**ASSIGNED TASK**
In the data below, find the line containing "I \<subseteq> N", then set down that line and every later line up to and including the line containing "using H p by", exactly.

**Stored items**
lemma K_filtration_gfun_dim_ge:
  assumes char: "CHAR('a::field) \<ge> 2"
    and filtration: "K_filtration (gfun TYPE('a)) N" and generator: "(0, 1) \<in> N j"
    and "K \<ge> 1" and span: "finite B" "module.span scaleM B = N (CHAR('a) ^ (2 * K) + j)"
  shows "K * CHAR('a) ^ (2 * K - 1) \<le> vector_space.dim scaleM (N (CHAR('a) ^ (2 * K) + j))"
proof -
  define p where "p = CHAR('a)"
  define Q where "Q = p ^ (2 * K - 1)"
  define I where "I = {K..<2 * K} \<times> {..<Q}"
  define \<phi> where "\<phi> = (\<lambda>(k, a). xdact (gfun TYPE('a)) a (p ^ k) (0, 1))"
  have p: "p \<ge> 2"
    using char p_def by simp
  have "p ^ (2 * K) = p * Q"
    using \<open>K \<ge> 1\<close> unfolding Q_def by (simp flip: power_Suc)
  then have "2 * Q \<le> p ^ (2 * K)"
    using p by simp
  moreover have bounds: "p ^ k \<le> Q" "a < p ^ (2 * k)" if "(k, a) \<in> I" for k a
  proof -
    have "p ^ k \<le> Q" "Q \<le> p ^ (2 * k)"
      using that p unfolding Q_def I_def by (auto intro: power_increasing)
    then show "p ^ k \<le> Q" "a < p ^ (2 * k)"
      using that unfolding I_def by auto
  qed
  ultimately have in_N: "\<phi> ` I \<subseteq> N (p ^ (2 * K) + j)"
    using filtration generator unfolding K_filtration_def \<phi>_def I_def by fastforce
  have degree_\<phi>: "degree (fst (\<phi> (k, a))) = a + p ^ (2 * k)" "fst (\<phi> (k, a)) \<noteq> 0"
    if "(k, a) \<in> I" for k a
  proof -
    have "k \<ge> 1"
      using that \<open>K \<ge> 1\<close> unfolding I_def by auto
    then have H: "degree (hasse (p ^ k) (Ssum (gfun TYPE('a)) (p ^ k))) = p ^ (2 * k)"
      using degree_hasse_Ssum_gfun[OF char] p_def by blast
    moreover have "hasse (p ^ k) (Ssum (gfun TYPE('a)) (p ^ k)) \<noteq> 0"
      using H p by (metis degree_0 power_not_zero zero_neq_numeral le_zero_eq)
    ultimately show "degree (fst (\<phi> (k, a))) = a + p ^ (2 * k)" "fst (\<phi> (k, a)) \<noteq> 0"
      using \<open>k \<ge> 1\<close> p unfolding \<phi>_def
      by (auto simp: xdact_second_generator degree_mult_eq degree_monom_eq)
  qed
  have distinct: "inj_on ((\<lambda>v. degree (fst v)) \<circ> \<phi>) I"
  proof (rule inj_onI)
    fix x y
    assume xy: "x \<in> I" "y \<in> I" "((\<lambda>v. degree (fst v)) \<circ> \<phi>) x = ((\<lambda>v. degree (fst v)) \<circ> \<phi>) y"
    obtain k a k' a' where x: "x = (k, a)" and y: "y = (k', a')"
      by fastforce
    have "a + p ^ (2 * k) = a' + p ^ (2 * k')"
      using xy degree_\<phi> unfolding x y by simp
    with add_power_eq_add_powerD[OF p bounds(2) bounds(2)] xy(1,2) show "x = y"
      unfolding x y by auto
  qed
  have "\<not> module.dependent scaleM (\<phi> ` I)"
    using degree_\<phi> inj_on_imageI[OF distinct]
    by (intro independent_if_distinct_degrees) auto
  then have "card (\<phi> ` I) \<le> vector_space.dim scaleM (N (p ^ (2 * K) + j))"
    using card_le_dim_of_finite_span[OF span[folded p_def] in_N] by blast
  moreover have "card (\<phi> ` I) = K * Q"
    using card_image[OF inj_on_imageI2[OF distinct]] unfolding I_def by simp
  ultimately show ?thesis
    unfolding Q_def p_def by simp
qed
(* Consider four bosonic modes labelled $1,2,3,4$, and a beam-splitter network $\hat B_{\text{network}}=\hat B_{j_4k_4}\hat B_{j_3k_3}\hat B_{j_2k_2}\hat B_{j_1k_1}$ consisting of four balanced beam splitters, where $j_i\neq k_i\in\{1,2,3,4\}$ for each $i$ and the beam splitter $\hat B_{j_1k_1}$ acts first on the state, then $\hat B_{j_2k_2}$, and so on. Then $\hat B_{\text{network}}$ is a real balanced four-splitter if and only if all of the following hold: (1) each mode is acted on by exactly two of the four beam splitters; (2) all modes interact with a first beam splitter before any mode interacts with a second one (i.e., in the order of application, no beam splitter acts on a mode that has already been acted on while some mode has not yet been acted on by any beam splitter); (3) no two of the beam splitters act on the same (unordered) pair of modes.
   Context: For modes with annihilation operators $\hat a_j$ and quadratures $\hat q_j=(\hat a_j+\hat a_j^\dagger)/\sqrt2$, $\hat p_j=-i(\hat a_j-\hat a_j^\dagger)/\sqrt2$, the balanced beam splitter from mode $j$ to mode $k$ is $\hat B_{jk}=e^{\frac{\pi}{4}(\hat a_j\hat a_k^\dagger-\hat a_j^\dagger\hat a_k)}$ (note $\hat B_{kj}=\hat B_{jk}^\dagger$, so each beam splitter may point in either direction). A passive linear-optical unitary $\hat U$ on $N$ modes has matrix $\mathbf U\in\mathrm U(N)$ defined by $\hat U^\dagger\hat{\mathbf a}\hat U=\mathbf U\hat{\mathbf a}$; for $\hat B_{jk}$ this matrix equals the identity except on rows/columns $(j,k)$, where it is $\tfrac1{\sqrt2}\begin{bmatrix}1&-1\\1&1\end{bmatrix}$, and the matrix of the network is the product $\mathbf R_{j_4k_4}\mathbf R_{j_3k_3}\mathbf R_{j_2k_2}\mathbf R_{j_1k_1}$. A real balanced four-splitter is a linear-optical unitary on four modes whose matrix is real orthogonal with all entries of equal magnitude (hence $\pm\tfrac12$). *)

theory Defs
  imports "HOL-Analysis.Analysis" "HOL-Library.Numeral_Type"
begin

**OUTPUT OF THE EXERCISE**
  ultimately have in_N: "\<phi> ` I \<subseteq> N (p ^ (2 * K) + j)"
    using filtration generator unfolding K_filtration_def \<phi>_def I_def by fastforce
  have degree_\<phi>: "degree (fst (\<phi> (k, a))) = a + p ^ (2 * k)" "fst (\<phi> (k, a)) \<noteq> 0"
    if "(k, a) \<in> I" for k a
  proof -
    have "k \<ge> 1"
      using that \<open>K \<ge> 1\<close> unfolding I_def by auto
    then have H: "degree (hasse (p ^ k) (Ssum (gfun TYPE('a)) (p ^ k))) = p ^ (2 * k)"
      using degree_hasse_Ssum_gfun[OF char] p_def by blast
    moreover have "hasse (p ^ k) (Ssum (gfun TYPE('a)) (p ^ k)) \<noteq> 0"
      using H p by (metis degree_0 power_not_zero zero_neq_numeral le_zero_eq)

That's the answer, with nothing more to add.